As the months went by Laura became more and more insecure about who she was and where she belonged. One summer afternoon, shortly after her 5th birthday, she went to visit her Nana’s house. Her Nana lived only a few blocks away and the family would visit there often. The little girl’s paternal grandmother was the complete opposite of her Grammy. Nana liked to tell Laura what an ugly newborn baby she had been. In fact, she was the ugliest baby her Nana had EVER seen. In the politest way Nana threw insults at those around her. Not just Laura, but everyone in Nana’s circle felt her cold tongue attack at one point or another. Nana didn’t help the little insecure girl feel good about herself. She helped convince the small child that she was ugly; she didn’t see her as being that special light to help the family shine, but the ugliest baby she had ever seen. The child felt like an embarrassment to this woman she called Nana. Every time Laura saw her Nana, she got another polite dose of everything about her that could be improved. Grammy’s kind heart was missing from her world and there seemed to be no one else who had unconditional love to give her; who could just accept her the way she was, with no expectations of being more than just Laura.
That summer afternoon at Nana’s house her aunt and uncle and cousins were there. Her aunt was very pregnant, overdue in fact, but Laura didn’t know that, she only thought she was bigger and wasn’t concerned with why. She didn’t understand why the other women were touching her big belly and so interested in it. There was also someone there she hadn’t met before and of course this man had to question where she came from with her pretty blonde hair, so different from her parents. Without her Grammy to comfort her, those words cut deeper and deeper. It seemed only her grandmother could understand how inappropriate and toxic that question was. Now whenever it was asked it caused Laura to worry about exactly where it was that she DID come from. Those curious adults had no idea what was being seen between the lines of the innocent question, or what they were writing on the wall of that little girl’s sense of self.
But the little girl happily defended her position in the family with her automatic response that they stole her from the Indians. She imagined her Indian family and wondered how Auntie Og snuck into the camp and stole her. Was it dark out when she came into camp? Did she come a long way to get there? Why did Auntie Og want to take her from those Indians? Were they looking for their little girl, the Indian family she was stolen from? Maybe they didn’t steal her but instead maybe the Indians gave her to Auntie Og and if that was the case then why didn’t they want her? She liked the idea better that Auntie Og stole her from them, that no one gave her away.

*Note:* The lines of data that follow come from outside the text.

(* A scheme with k signals whose signal i (i<k) recommends action i:
   phi \<theta> i = probability of sending signal i (recommending action i) in state \<theta>. *)
definition scheme_k :: "nat \<Rightarrow> nat \<Rightarrow> ('a list \<Rightarrow> nat \<Rightarrow> real) \<Rightarrow> bool" where
  "scheme_k n k \<phi> \<longleftrightarrow>
     (\<forall>\<theta>. length \<theta> = n \<longrightarrow> (\<forall>i<k. \<phi> \<theta> i \<ge> 0) \<and> (\<Sum>i<k. \<phi> \<theta> i) = 1)"

definition symmetric_scheme :: "nat \<Rightarrow> nat \<Rightarrow> ('a list \<Rightarrow> nat \<Rightarrow> real) \<Rightarrow> bool" where
  "symmetric_scheme n k \<phi> \<longleftrightarrow> scheme_k n k \<phi> \<and>
     (\<forall>\<theta> i \<pi>. length \<theta> = n \<longrightarrow> i < k \<longrightarrow> \<pi> permutes {..<n} \<longrightarrow> \<pi> ` {..<k} = {..<k} \<longrightarrow>
        \<phi> (perm_act \<pi> \<theta>) (\<pi> i) = \<phi> \<theta> i)"

definition sig_prob :: "'a list pmf \<Rightarrow> ('a list \<Rightarrow> nat \<Rightarrow> real) \<Rightarrow> nat \<Rightarrow> real" where
  "sig_prob q \<phi> s = (\<Sum>\<theta>\<in>set_pmf q. pmf q \<theta> * \<phi> \<theta> s)"

definition cond_exp :: "'a list pmf \<Rightarrow> ('a \<Rightarrow> real) \<Rightarrow> ('a list \<Rightarrow> nat \<Rightarrow> real) \<Rightarrow> nat \<Rightarrow> nat \<Rightarrow> real" where
  "cond_exp q \<rho> \<phi> s j = (\<Sum>\<theta>\<in>set_pmf q. pmf q \<theta> * \<phi> \<theta> s * \<rho> (\<theta> ! j)) / sig_prob q \<phi> s"

definition persuasive :: "nat \<Rightarrow> nat \<Rightarrow> 'a list pmf \<Rightarrow> ('a \<Rightarrow> real) \<Rightarrow> ('a list \<Rightarrow> nat \<Rightarrow> real) \<Rightarrow> bool" where
  "persuasive n k q \<rho> \<phi> \<longleftrightarrow>
     (\<forall>i<k. sig_prob q \<phi> i > 0 \<longrightarrow> (\<forall>j<n. cond_exp q \<rho> \<phi> i i \<ge> cond_exp q \<rho> \<phi> i j))"

definition receiver_utility :: "nat \<Rightarrow> 'a list pmf \<Rightarrow> ('a \<Rightarrow> real) \<Rightarrow> ('a list \<Rightarrow> nat \<Rightarrow> real) \<Rightarrow> real" where
  "receiver_utility k q \<rho> \<phi> = (\<Sum>\<theta>\<in>set_pmf q. pmf q \<theta> * (\<Sum>i<k. \<phi> \<theta> i * \<rho> (\<theta> ! i)))"

definition rho_E :: "nat \<Rightarrow> 'a list pmf \<Rightarrow> ('a \<Rightarrow> real) \<Rightarrow> real" where
  "rho_E n q \<rho> = Max ((\<lambda>i. \<Sum>\<theta>\<in>set_pmf q. pmf q \<theta> * \<rho> (\<theta> ! i)) ` {..<n})"

end

theory Submission
  imports Defs
begin

text \<open>Write \<open>M i j\<close> (\<open>sig_payoff\<close>) for the prior-weighted payoff of action \<open>j\<close>
jointly with signal \<open>i\<close>, so that \<open>E[\<rho>(\<theta>\<^sub>j) | i] = M i j / P(i)\<close>. Symmetry of prior
and scheme under the permutations of \<open>[n]\<close> fixing \<open>[k]\<close> forces \<open>P(i) = 1/k\<close>, a constant
diagonal \<open>M i i = a\<close>, and in each column \<open>j\<close> equal entries off the diagonal; all column
sums equal the prior mean \<open>\<rho>\<^sub>E\<close>. A column \<open>j \<ge> k\<close> thus has entries \<open>\<rho>\<^sub>E / k\<close>,
a column \<open>j < k\<close> has off-diagonal entries \<open>(\<rho>\<^sub>E - a) / (k - 1)\<close>, and either is at
most \<open>a\<close> iff \<open>\<rho>\<^sub>E \<le> k a\<close>, where \<open>k a\<close> is the receiver's utility.\<close>

definition sig_payoff :: "'a list pmf \<Rightarrow> ('a \<Rightarrow> real) \<Rightarrow> ('a list \<Rightarrow> nat \<Rightarrow> real) \<Rightarrow> nat \<Rightarrow> nat \<Rightarrow> real" where
  "sig_payoff q \<rho> \<phi> s j = (\<Sum>\<theta>\<in>set_pmf q. pmf q \<theta> * \<phi> \<theta> s * \<rho> (\<theta> ! j))"

definition prior_payoff :: "'a list pmf \<Rightarrow> ('a \<Rightarrow> real) \<Rightarrow> nat \<Rightarrow> real" where
  "prior_payoff q \<rho> j = (\<Sum>\<theta>\<in>set_pmf q. pmf q \<theta> * \<rho> (\<theta> ! j))"

lemma perm_act_length [simp]: "length (perm_act \<pi> \<theta>) = length \<theta>"
  by (simp add: perm_act_def)

lemma perm_act_nth: "j < length \<theta> \<Longrightarrow> perm_act \<pi> \<theta> ! j = \<theta> ! inv \<pi> j"
  by (simp add: perm_act_def)

lemma perm_act_nth_image:
  assumes "\<pi> permutes {..<length \<theta>}" "j < length \<theta>"
  shows "perm_act \<pi> \<theta> ! \<pi> j = \<theta> ! j"
proof -
  have "\<pi> j < length \<theta>" using assms permutes_in_image by fastforce
  then show ?thesis using assms by (simp add: perm_act_nth permutes_inverses)
qed

lemma perm_act_inv_perm_act:
  assumes "\<pi> permutes {..<length \<theta>}"
  shows "perm_act (inv \<pi>) (perm_act \<pi> \<theta>) = \<theta>"
  by (rule nth_equalityI)
     (use assms in \<open>auto simp: perm_act_nth permutes_inv_inv perm_act_nth_image\<close>)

At 5 years old she didn’t understand much, the least of which was that she looked no more Indian than she did Greek.
That day at her Nana’s house when she spoke to the stranger about where she came from, she noticed her parents look at each other and sensed that they were upset with her story. Laura’s world was about to change again.
On the way home from her Nana’s house Laura’s Mom and Dad said they wanted to talk about where she came from. She piped in with her Indian tale and her parents quickly took out a pin and popped the precious bubble the little girl had built around herself. They told her she in fact did NOT come from the Indians as she wanted to believe, but that they adopted her. They had told her this before about being adopted and were upset to have to explain again.
Laura wasn’t satisfied with that answer. Their little “adopted daughter”, what did that mean, to be “adopted”? What was wrong with her she wondered? Why was she adopted? Her parents took great care to try and protect the small child’s feelings as they explained. The adoption agency had given them the language to use, “she was special, she was wanted and they picked her because they wanted her”
They told her that some women have babies they don’t always want, but that they got her because they really wanted her. They chose to be her parents, she was special, they picked her, and they wanted her. Chosen, Special, Wanted, by them, that’s what they were saying. But there is another side to that coin. Someone didn’t want her.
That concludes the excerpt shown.